*SUPPLIED RECORDS*:
______________________________

(* Let $X$ be any topological space. Every prime ideal of $B_1(X)$ is contained in a unique maximal ideal of $B_1(X)$; that is, $B_1(X)$ is a Gelfand ring.
   Context: For a topological space $X$, $B_1(X)$ denotes the commutative ring with unity (pointwise operations) of all Baire one functions $f:X\to\mathbb{R}$, i.e. pointwise limits of sequences of continuous real-valued functions on $X$. *)

theory Defs
  imports "HOL-Analysis.Analysis" "HOL-Algebra.Ideal"
begin

text \<open>Functions are normalised to be 0 outside topspace X (extensional representation).\<close>

definition baire_one :: "'a topology \<Rightarrow> ('a \<Rightarrow> real) set" where
  "baire_one X = {f. (\<forall>x. x \<notin> topspace X \<longrightarrow> f x = 0) \<and>
     (\<exists>g::nat \<Rightarrow> 'a \<Rightarrow> real. (\<forall>n. continuous_map X euclideanreal (g n)) \<and>
        (\<forall>x\<in>topspace X. LIMSEQ (\<lambda>n. g n x) (f x)))}"

definition B1_ring :: "'a topology \<Rightarrow> ('a \<Rightarrow> real) ring" where
  "B1_ring X = \<lparr> carrier = baire_one X,
                 mult = (\<lambda>f g x. f x * g x),
                 one = (\<lambda>x. if x \<in> topspace X then 1 else 0),
                 zero = (\<lambda>x. 0),
                 add = (\<lambda>f g x. f x + g x) \<rparr>"

end

theory Submission
  imports Defs "HOL-Algebra.Ring_Divisibility"
begin

text \<open>If a prime ideal \<open>P\<close> lay in distinct maximal ideals \<open>M\<close> and \<open>N\<close>, write \<open>1 = u + v\<close> with
\<open>u \<in> M\<close>, \<open>v \<in> N\<close>. The Baire one functions \<open>f = max 0 (1/3 - u)\<close> and \<open>g = max 0 (1/3 - v)\<close>
have product 0, because \<open>u\<close> and \<open>v\<close> are never both below 1/3; so \<open>f\<close> or \<open>g\<close> lies in \<open>P\<close>.
But \<open>f \<notin> M\<close>, since otherwise \<open>u\<^sup>2 + f \<ge> 1/9\<close> would lie in \<open>M\<close>, and a Baire one function
bounded below by a positive constant is a unit (composing with \<open>t \<mapsto> 1/t\<close> keeps it Baire one).
Likewise \<open>g \<notin> N\<close>.\<close>

lemma (in ring) exists_maximalideal_superset:
  assumes "ideal I R" "I \<noteq> carrier R"
  shows "\<exists>M. maximalideal M R \<and> I \<subseteq> M"
proof -
  define A where "A = {J. ideal J R \<and> I \<subseteq> J \<and> \<one> \<notin> J}"
  have "I \<in> A"
    using assms ideal.one_imp_carrier unfolding A_def by blast
  moreover have "\<Union>C \<in> A" if "C \<noteq> {}" "subset.chain A C" for C
  proof -
    have "subset.chain {J. ideal J R} C"
      using that(2) unfolding A_def pred_on.chain_def by blast
    then have "ideal (\<Union>C) R"
      using chain_Union_is_ideal that(1) by presburger
    moreover have "C \<subseteq> A"
      using that(2) unfolding pred_on.chain_def by blast
    ultimately show ?thesis
      using that(1) unfolding A_def by blast
  qed
  ultimately obtain M where M: "M \<in> A" "\<forall>J\<in>A. M \<subseteq> J \<longrightarrow> J = M"
    using subset_Zorn_nonempty[of A] by blast
  have "maximalideal M R"
  proof (rule maximalidealI)
    show "ideal M R" "carrier R \<noteq> M"
      using M unfolding A_def by blast+
    fix J assume "ideal J R" "M \<subseteq> J" "J \<subseteq> carrier R"
    then show "J = M \<or> J = carrier R"
      using M ideal.one_imp_carrier unfolding A_def by blast
  qed
  with M show ?thesis
    unfolding A_def by blast
qed

lemma (in ring) distinct_maximalideals_comaximal:
  assumes M: "maximalideal M R" and N: "maximalideal N R" and "M \<noteq> N"
  shows "\<exists>u\<in>M. \<exists>v\<in>N. \<one> = u \<oplus> v"
proof -
  have ideals: "ideal M R" "ideal N R"
    using M N maximalideal.axioms(1) by blast+
  have sum_ideal: "ideal (M <+>\<^bsub>R\<^esub> N) R"
    using add_ideals[OF ideals] .
  have sum_sup: "M \<union> N \<subseteq> M <+>\<^bsub>R\<^esub> N"
    using union_genideal[OF ideals] genideal_self ideals ideal.Icarr by (metis Un_subset_iff subsetI)
  moreover have "M <+>\<^bsub>R\<^esub> N \<subseteq> carrier R"
    using ideal.Icarr[OF sum_ideal] by blast
  ultimately have "M <+>\<^bsub>R\<^esub> N = M \<or> M <+>\<^bsub>R\<^esub> N = carrier R"
    using maximalideal.I_maximal[OF M sum_ideal] by blast
  moreover have "M <+>\<^bsub>R\<^esub> N \<noteq> M"
  proof
    assume "M <+>\<^bsub>R\<^esub> N = M"
    with sum_sup have "N \<subseteq> M" by blast
    then show False
      using maximalideal.I_maximal[OF N ideals(1)] maximalideal.I_notcarr[OF M]
        ideal.Icarr[OF ideals(1)] \<open>M \<noteq> N\<close> by blast
  qed
  ultimately have "\<one> \<in> M <+>\<^bsub>R\<^esub> N"
    by simp
  then show ?thesis
    unfolding set_add_def' by blast
qed

lemma baire_one_compose:
  assumes u: "u \<in> baire_one X" and \<phi>: "continuous_on UNIV \<phi>"
  shows "(\<lambda>x. if x \<in> topspace X then \<phi> (u x) else 0) \<in> baire_one X"
proof -
  obtain g where g: "\<And>n. continuous_map X euclideanreal (g n)"
    "\<And>x. x \<in> topspace X \<Longrightarrow> (\<lambda>n. g n x) \<longlonglongrightarrow> u x"
    using u unfolding baire_one_def by blast
  have "continuous_map X euclideanreal (\<phi> \<circ> g n)" for n
    using continuous_map_compose[OF g(1)] \<phi>
    by (metis continuous_map_iff_continuous2)
  moreover have "(\<lambda>n. (\<phi> \<circ> g n) x) \<longlonglongrightarrow> \<phi> (u x)" if "x \<in> topspace X" for x
    using continuous_on_tendsto_compose[OF \<phi> g(2)[OF that]] by (simp add: o_def)
  ultimately show ?thesis
    unfolding baire_one_def by (intro CollectI conjI exI[of _ "\<lambda>n. \<phi> \<circ> g n"]) auto
qed

lemma B1_ideal_bounded_below_eq_carrier:
  assumes I: "ideal I (B1_ring X)" and "h \<in> I" "c > 0"
    and bound: "\<And>x. x \<in> topspace X \<Longrightarrow> c \<le> h x"
  shows "I = carrier (B1_ring X)"
proof -
  interpret ideal I "B1_ring X" by (rule I)
  have h: "h \<in> baire_one X"
    using Icarr[OF \<open>h \<in> I\<close>] by (simp add: B1_ring_def)
  define k where "k = (\<lambda>x. if x \<in> topspace X then 1 / max (h x) c else 0)"
  have "continuous_on UNIV (\<lambda>t. 1 / max t c)"
    using \<open>c > 0\<close> by (intro continuous_intros) auto
  then have "k \<in> carrier (B1_ring X)"
    unfolding k_def using baire_one_compose[OF h] by (simp add: B1_ring_def)
  moreover have "k \<otimes>\<^bsub>B1_ring X\<^esub> h = \<one>\<^bsub>B1_ring X\<^esub>"
    using bound \<open>c > 0\<close> by (force simp: B1_ring_def k_def fun_eq_iff max_def)
  ultimately have "\<one>\<^bsub>B1_ring X\<^esub> \<in> I"
    using I_l_closed \<open>h \<in> I\<close> by metis
  then show ?thesis
    by (rule one_imp_carrier)
qed

lemma square_plus_cutoff_ge:
  fixes u :: real
  shows "1/9 \<le> u * u + max 0 (1/3 - u)"
proof (cases "u \<le> 1/3")
  case True
  have "0 \<le> (1/3 - u) * (2/3 - u)"
    using True by simp
  moreover have "(1/3 - u) * (2/3 - u) = u * u + (1/3 - u) - 1/9"
    by (simp add: field_simps)
  ultimately show ?thesis
    using True by simp
next
  case False
  then have "(1/3) * (1/3) \<le> u * u"
    by (intro mult_mono) auto
  then show ?thesis
    by (simp add: max_def)
qed

lemma B1_proper_ideal_excludes_cutoff:
  assumes I: "ideal I (B1_ring X)" "I \<noteq> carrier (B1_ring X)" and "u \<in> I"
  shows "(\<lambda>x. if x \<in> topspace X then max 0 (1/3 - u x) else 0) \<notin> I"
    (is "?f \<notin> I")
proof
  interpret ideal I "B1_ring X" by (rule I(1))
  assume "?f \<in> I"
  moreover have "u \<otimes>\<^bsub>B1_ring X\<^esub> u \<in> I"
    using I_l_closed Icarr \<open>u \<in> I\<close> by blast
  ultimately have h: "(u \<otimes>\<^bsub>B1_ring X\<^esub> u) \<oplus>\<^bsub>B1_ring X\<^esub> ?f \<in> I"
    by (simp add: a_closed)
  have "1/9 \<le> ((u \<otimes>\<^bsub>B1_ring X\<^esub> u) \<oplus>\<^bsub>B1_ring X\<^esub> ?f) x" if "x \<in> topspace X" for x
    using that square_plus_cutoff_ge[of "u x"] by (simp add: B1_ring_def)
  then have "I = carrier (B1_ring X)"
    by (intro B1_ideal_bounded_below_eq_carrier[OF I(1) h, of "1/9"]) auto
  with I(2) show False ..
qed

lemma B1_primeideal_in_unique_maximalideal:
  assumes P: "primeideal P (B1_ring X)"
    and M: "maximalideal M (B1_ring X)" "P \<subseteq> M"
    and N: "maximalideal N (B1_ring X)" "P \<subseteq> N"
  shows "M = N"
proof (rule ccontr)
  let ?R = "B1_ring X"
  interpret primeideal P ?R by (rule P)
  assume "M \<noteq> N"
  then obtain u v where uv: "u \<in> M" "v \<in> N" "\<one>\<^bsub>?R\<^esub> = u \<oplus>\<^bsub>?R\<^esub> v"
    using distinct_maximalideals_comaximal[OF M(1) N(1)] by blast
  have ideals: "ideal M ?R" "ideal N ?R"
    using M(1) N(1) maximalideal.axioms(1) by blast+
  have proper: "M \<noteq> carrier ?R" "N \<noteq> carrier ?R"
    using M(1) N(1) maximalideal.I_notcarr by metis+
  define f where "f = (\<lambda>x. if x \<in> topspace X then max 0 (1/3 - u x) else 0)"
  define g where "g = (\<lambda>x. if x \<in> topspace X then max 0 (1/3 - v x) else 0)"
  have "u \<in> baire_one X" "v \<in> baire_one X"
    using uv(1,2) ideal.Icarr[OF ideals(1)] ideal.Icarr[OF ideals(2)] by (simp_all add: B1_ring_def)
  moreover have "continuous_on UNIV (\<lambda>t::real. max 0 (1/3 - t))"
    by (intro continuous_intros)
  ultimately have "f \<in> carrier ?R" "g \<in> carrier ?R"
    unfolding f_def g_def using baire_one_compose by (simp_all add: B1_ring_def)
  moreover have "f \<otimes>\<^bsub>?R\<^esub> g = \<zero>\<^bsub>?R\<^esub>"
  proof -
    have "u x + v x = 1" if "x \<in> topspace X" for x
      using fun_cong[OF uv(3), of x] that by (simp add: B1_ring_def)
    then show ?thesis
      by (force simp: f_def g_def B1_ring_def fun_eq_iff max_def)
  qed
  ultimately have "f \<in> P \<or> g \<in> P"
    using I_prime by simp
  then show False
    using B1_proper_ideal_excludes_cutoff[OF ideals(1) proper(1) uv(1)]
      B1_proper_ideal_excludes_cutoff[OF ideals(2) proper(2) uv(2)] M(2) N(2)
    unfolding f_def g_def by blast
qed

theorem theorem2p17:
  fixes X :: "'a topology"
  shows "\<forall>P. primeideal P (B1_ring X) \<longrightarrow>
           (\<exists>!M. maximalideal M (B1_ring X) \<and> P \<subseteq> M)"
proof (intro allI impI)
  fix P assume P: "primeideal P (B1_ring X)"
  then interpret primeideal P "B1_ring X" .
  obtain M where "maximalideal M (B1_ring X)" "P \<subseteq> M"
    using exists_maximalideal_superset[OF is_ideal] I_notcarr by metis
  then show "\<exists>!M. maximalideal M (B1_ring X) \<and> P \<subseteq> M"
    using B1_primeideal_in_unique_maximalideal[OF P] by blast
qed

end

______________________________

*PROMPT*:
From the records above, extract exactly and only the lines that begin at the line with "fix J assume" and stop after the line with "using add_ideals[OF ideals] .".

*RESPONSE TO THE EXERCISE*:
    fix J assume "ideal J R" "M \<subseteq> J" "J \<subseteq> carrier R"
    then show "J = M \<or> J = carrier R"
      using M ideal.one_imp_carrier unfolding A_def by blast
  qed
  with M show ?thesis
    unfolding A_def by blast
qed

lemma (in ring) distinct_maximalideals_comaximal:
  assumes M: "maximalideal M R" and N: "maximalideal N R" and "M \<noteq> N"
  shows "\<exists>u\<in>M. \<exists>v\<in>N. \<one> = u \<oplus> v"
proof -
  have ideals: "ideal M R" "ideal N R"
    using M N maximalideal.axioms(1) by blast+
  have sum_ideal: "ideal (M <+>\<^bsub>R\<^esub> N) R"
    using add_ideals[OF ideals] .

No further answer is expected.